● **Directions for this task**: Set the data down again, word for word, as it appears below.

● **Information provided**:
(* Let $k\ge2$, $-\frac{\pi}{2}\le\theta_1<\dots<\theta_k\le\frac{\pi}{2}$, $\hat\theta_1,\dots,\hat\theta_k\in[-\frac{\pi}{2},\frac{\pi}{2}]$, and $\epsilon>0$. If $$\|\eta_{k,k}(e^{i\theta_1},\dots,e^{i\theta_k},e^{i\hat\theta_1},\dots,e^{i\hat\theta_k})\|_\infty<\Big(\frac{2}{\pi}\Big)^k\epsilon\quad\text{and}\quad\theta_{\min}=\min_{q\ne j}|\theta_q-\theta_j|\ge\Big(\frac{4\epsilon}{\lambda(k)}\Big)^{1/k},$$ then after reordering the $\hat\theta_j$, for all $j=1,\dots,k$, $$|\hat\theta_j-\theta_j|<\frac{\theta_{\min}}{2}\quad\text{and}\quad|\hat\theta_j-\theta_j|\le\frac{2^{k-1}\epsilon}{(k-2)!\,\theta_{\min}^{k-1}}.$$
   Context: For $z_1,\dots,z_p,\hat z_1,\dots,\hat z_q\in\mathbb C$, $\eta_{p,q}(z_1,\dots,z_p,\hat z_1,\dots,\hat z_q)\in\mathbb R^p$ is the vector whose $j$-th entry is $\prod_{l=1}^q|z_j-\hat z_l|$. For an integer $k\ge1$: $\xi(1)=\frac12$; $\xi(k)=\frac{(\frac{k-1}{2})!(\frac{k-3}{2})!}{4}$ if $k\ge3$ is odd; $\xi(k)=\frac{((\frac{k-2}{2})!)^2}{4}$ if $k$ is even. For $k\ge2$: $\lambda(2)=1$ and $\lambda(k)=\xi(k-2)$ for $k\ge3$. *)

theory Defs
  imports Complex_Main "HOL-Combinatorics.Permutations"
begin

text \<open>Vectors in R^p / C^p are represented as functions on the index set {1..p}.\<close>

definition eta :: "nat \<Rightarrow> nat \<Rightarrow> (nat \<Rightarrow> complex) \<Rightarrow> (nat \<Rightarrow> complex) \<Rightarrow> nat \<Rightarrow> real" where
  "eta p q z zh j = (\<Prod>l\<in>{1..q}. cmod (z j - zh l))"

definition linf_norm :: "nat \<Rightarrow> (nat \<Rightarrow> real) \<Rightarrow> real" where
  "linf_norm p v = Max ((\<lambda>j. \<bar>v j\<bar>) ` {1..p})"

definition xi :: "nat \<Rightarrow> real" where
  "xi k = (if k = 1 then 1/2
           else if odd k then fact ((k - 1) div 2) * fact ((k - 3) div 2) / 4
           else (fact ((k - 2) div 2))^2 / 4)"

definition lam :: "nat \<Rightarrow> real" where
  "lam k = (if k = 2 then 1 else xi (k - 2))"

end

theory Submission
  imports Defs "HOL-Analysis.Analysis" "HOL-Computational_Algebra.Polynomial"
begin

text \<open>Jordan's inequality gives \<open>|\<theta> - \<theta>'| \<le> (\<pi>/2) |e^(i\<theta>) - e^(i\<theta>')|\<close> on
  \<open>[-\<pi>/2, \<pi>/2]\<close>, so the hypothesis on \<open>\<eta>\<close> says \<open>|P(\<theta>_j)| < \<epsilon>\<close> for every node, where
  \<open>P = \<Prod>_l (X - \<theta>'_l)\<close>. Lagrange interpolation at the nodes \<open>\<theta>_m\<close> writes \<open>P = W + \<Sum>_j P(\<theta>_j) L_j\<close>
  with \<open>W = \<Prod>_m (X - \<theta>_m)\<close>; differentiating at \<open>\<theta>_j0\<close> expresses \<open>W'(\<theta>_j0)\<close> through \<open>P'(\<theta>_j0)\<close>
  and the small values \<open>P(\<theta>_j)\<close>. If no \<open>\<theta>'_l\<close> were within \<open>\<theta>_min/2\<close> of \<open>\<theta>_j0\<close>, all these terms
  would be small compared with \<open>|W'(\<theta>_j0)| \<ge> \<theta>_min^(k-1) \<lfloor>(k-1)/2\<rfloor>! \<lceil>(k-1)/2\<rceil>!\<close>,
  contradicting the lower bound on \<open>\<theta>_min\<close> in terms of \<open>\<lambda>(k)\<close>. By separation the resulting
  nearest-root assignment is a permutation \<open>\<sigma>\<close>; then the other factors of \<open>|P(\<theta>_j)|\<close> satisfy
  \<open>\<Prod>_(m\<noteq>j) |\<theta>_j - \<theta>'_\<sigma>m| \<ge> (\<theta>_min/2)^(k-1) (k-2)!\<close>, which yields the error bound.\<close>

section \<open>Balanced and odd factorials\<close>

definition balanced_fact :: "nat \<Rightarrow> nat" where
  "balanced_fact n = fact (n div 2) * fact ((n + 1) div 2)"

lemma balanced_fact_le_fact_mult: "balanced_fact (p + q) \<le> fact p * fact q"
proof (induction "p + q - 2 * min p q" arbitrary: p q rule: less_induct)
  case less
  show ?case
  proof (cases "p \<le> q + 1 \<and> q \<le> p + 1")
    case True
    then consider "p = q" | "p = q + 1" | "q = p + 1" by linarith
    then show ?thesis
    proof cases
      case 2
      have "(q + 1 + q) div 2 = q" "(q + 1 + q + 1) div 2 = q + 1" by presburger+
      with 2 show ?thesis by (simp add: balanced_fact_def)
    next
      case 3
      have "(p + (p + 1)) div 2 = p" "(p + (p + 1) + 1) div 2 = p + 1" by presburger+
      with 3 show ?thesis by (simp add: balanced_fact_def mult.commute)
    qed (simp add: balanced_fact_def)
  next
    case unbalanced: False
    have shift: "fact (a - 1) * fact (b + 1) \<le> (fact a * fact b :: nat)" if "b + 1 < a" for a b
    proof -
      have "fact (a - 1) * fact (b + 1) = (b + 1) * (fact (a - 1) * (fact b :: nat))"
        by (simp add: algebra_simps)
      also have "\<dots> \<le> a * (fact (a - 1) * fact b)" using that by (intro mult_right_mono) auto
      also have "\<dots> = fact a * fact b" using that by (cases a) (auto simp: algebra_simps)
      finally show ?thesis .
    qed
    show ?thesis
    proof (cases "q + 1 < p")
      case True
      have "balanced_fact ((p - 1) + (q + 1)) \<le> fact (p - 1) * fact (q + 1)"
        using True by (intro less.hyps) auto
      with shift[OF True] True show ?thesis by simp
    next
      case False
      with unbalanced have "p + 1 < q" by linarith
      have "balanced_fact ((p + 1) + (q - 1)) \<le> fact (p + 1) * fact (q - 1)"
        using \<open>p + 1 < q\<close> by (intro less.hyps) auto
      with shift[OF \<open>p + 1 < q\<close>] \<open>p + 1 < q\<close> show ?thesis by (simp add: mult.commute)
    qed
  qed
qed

● **Answer section**:
(* Let $k\ge2$, $-\frac{\pi}{2}\le\theta_1<\dots<\theta_k\le\frac{\pi}{2}$, $\hat\theta_1,\dots,\hat\theta_k\in[-\frac{\pi}{2},\frac{\pi}{2}]$, and $\epsilon>0$. If $$\|\eta_{k,k}(e^{i\theta_1},\dots,e^{i\theta_k},e^{i\hat\theta_1},\dots,e^{i\hat\theta_k})\|_\infty<\Big(\frac{2}{\pi}\Big)^k\epsilon\quad\text{and}\quad\theta_{\min}=\min_{q\ne j}|\theta_q-\theta_j|\ge\Big(\frac{4\epsilon}{\lambda(k)}\Big)^{1/k},$$ then after reordering the $\hat\theta_j$, for all $j=1,\dots,k$, $$|\hat\theta_j-\theta_j|<\frac{\theta_{\min}}{2}\quad\text{and}\quad|\hat\theta_j-\theta_j|\le\frac{2^{k-1}\epsilon}{(k-2)!\,\theta_{\min}^{k-1}}.$$
   Context: For $z_1,\dots,z_p,\hat z_1,\dots,\hat z_q\in\mathbb C$, $\eta_{p,q}(z_1,\dots,z_p,\hat z_1,\dots,\hat z_q)\in\mathbb R^p$ is the vector whose $j$-th entry is $\prod_{l=1}^q|z_j-\hat z_l|$. For an integer $k\ge1$: $\xi(1)=\frac12$; $\xi(k)=\frac{(\frac{k-1}{2})!(\frac{k-3}{2})!}{4}$ if $k\ge3$ is odd; $\xi(k)=\frac{((\frac{k-2}{2})!)^2}{4}$ if $k$ is even. For $k\ge2$: $\lambda(2)=1$ and $\lambda(k)=\xi(k-2)$ for $k\ge3$. *)

theory Defs
  imports Complex_Main "HOL-Combinatorics.Permutations"
begin

text \<open>Vectors in R^p / C^p are represented as functions on the index set {1..p}.\<close>

definition eta :: "nat \<Rightarrow> nat \<Rightarrow> (nat \<Rightarrow> complex) \<Rightarrow> (nat \<Rightarrow> complex) \<Rightarrow> nat \<Rightarrow> real" where
  "eta p q z zh j = (\<Prod>l\<in>{1..q}. cmod (z j - zh l))"

definition linf_norm :: "nat \<Rightarrow> (nat \<Rightarrow> real) \<Rightarrow> real" where
  "linf_norm p v = Max ((\<lambda>j. \<bar>v j\<bar>) ` {1..p})"

definition xi :: "nat \<Rightarrow> real" where
  "xi k = (if k = 1 then 1/2
           else if odd k then fact ((k - 1) div 2) * fact ((k - 3) div 2) / 4
           else (fact ((k - 2) div 2))^2 / 4)"

definition lam :: "nat \<Rightarrow> real" where
  "lam k = (if k = 2 then 1 else xi (k - 2))"

end

theory Submission
  imports Defs "HOL-Analysis.Analysis" "HOL-Computational_Algebra.Polynomial"
begin

text \<open>Jordan's inequality gives \<open>|\<theta> - \<theta>'| \<le> (\<pi>/2) |e^(i\<theta>) - e^(i\<theta>')|\<close> on
  \<open>[-\<pi>/2, \<pi>/2]\<close>, so the hypothesis on \<open>\<eta>\<close> says \<open>|P(\<theta>_j)| < \<epsilon>\<close> for every node, where
  \<open>P = \<Prod>_l (X - \<theta>'_l)\<close>. Lagrange interpolation at the nodes \<open>\<theta>_m\<close> writes \<open>P = W + \<Sum>_j P(\<theta>_j) L_j\<close>
  with \<open>W = \<Prod>_m (X - \<theta>_m)\<close>; differentiating at \<open>\<theta>_j0\<close> expresses \<open>W'(\<theta>_j0)\<close> through \<open>P'(\<theta>_j0)\<close>
  and the small values \<open>P(\<theta>_j)\<close>. If no \<open>\<theta>'_l\<close> were within \<open>\<theta>_min/2\<close> of \<open>\<theta>_j0\<close>, all these terms
  would be small compared with \<open>|W'(\<theta>_j0)| \<ge> \<theta>_min^(k-1) \<lfloor>(k-1)/2\<rfloor>! \<lceil>(k-1)/2\<rceil>!\<close>,
  contradicting the lower bound on \<open>\<theta>_min\<close> in terms of \<open>\<lambda>(k)\<close>. By separation the resulting
  nearest-root assignment is a permutation \<open>\<sigma>\<close>; then the other factors of \<open>|P(\<theta>_j)|\<close> satisfy
  \<open>\<Prod>_(m\<noteq>j) |\<theta>_j - \<theta>'_\<sigma>m| \<ge> (\<theta>_min/2)^(k-1) (k-2)!\<close>, which yields the error bound.\<close>

section \<open>Balanced and odd factorials\<close>

definition balanced_fact :: "nat \<Rightarrow> nat" where
  "balanced_fact n = fact (n div 2) * fact ((n + 1) div 2)"

lemma balanced_fact_le_fact_mult: "balanced_fact (p + q) \<le> fact p * fact q"
proof (induction "p + q - 2 * min p q" arbitrary: p q rule: less_induct)
  case less
  show ?case
  proof (cases "p \<le> q + 1 \<and> q \<le> p + 1")
    case True
    then consider "p = q" | "p = q + 1" | "q = p + 1" by linarith
    then show ?thesis
    proof cases
      case 2
      have "(q + 1 + q) div 2 = q" "(q + 1 + q + 1) div 2 = q + 1" by presburger+
      with 2 show ?thesis by (simp add: balanced_fact_def)
    next
      case 3
      have "(p + (p + 1)) div 2 = p" "(p + (p + 1) + 1) div 2 = p + 1" by presburger+
      with 3 show ?thesis by (simp add: balanced_fact_def mult.commute)
    qed (simp add: balanced_fact_def)
  next
    case unbalanced: False
    have shift: "fact (a - 1) * fact (b + 1) \<le> (fact a * fact b :: nat)" if "b + 1 < a" for a b
    proof -
      have "fact (a - 1) * fact (b + 1) = (b + 1) * (fact (a - 1) * (fact b :: nat))"
        by (simp add: algebra_simps)
      also have "\<dots> \<le> a * (fact (a - 1) * fact b)" using that by (intro mult_right_mono) auto
      also have "\<dots> = fact a * fact b" using that by (cases a) (auto simp: algebra_simps)
      finally show ?thesis .
    qed
    show ?thesis
    proof (cases "q + 1 < p")
      case True
      have "balanced_fact ((p - 1) + (q + 1)) \<le> fact (p - 1) * fact (q + 1)"
        using True by (intro less.hyps) auto
      with shift[OF True] True show ?thesis by simp
    next
      case False
      with unbalanced have "p + 1 < q" by linarith
      have "balanced_fact ((p + 1) + (q - 1)) \<le> fact (p + 1) * fact (q - 1)"
        using \<open>p + 1 < q\<close> by (intro less.hyps) auto
      with shift[OF \<open>p + 1 < q\<close>] \<open>p + 1 < q\<close> show ?thesis by (simp add: mult.commute)
    qed
  qed
qed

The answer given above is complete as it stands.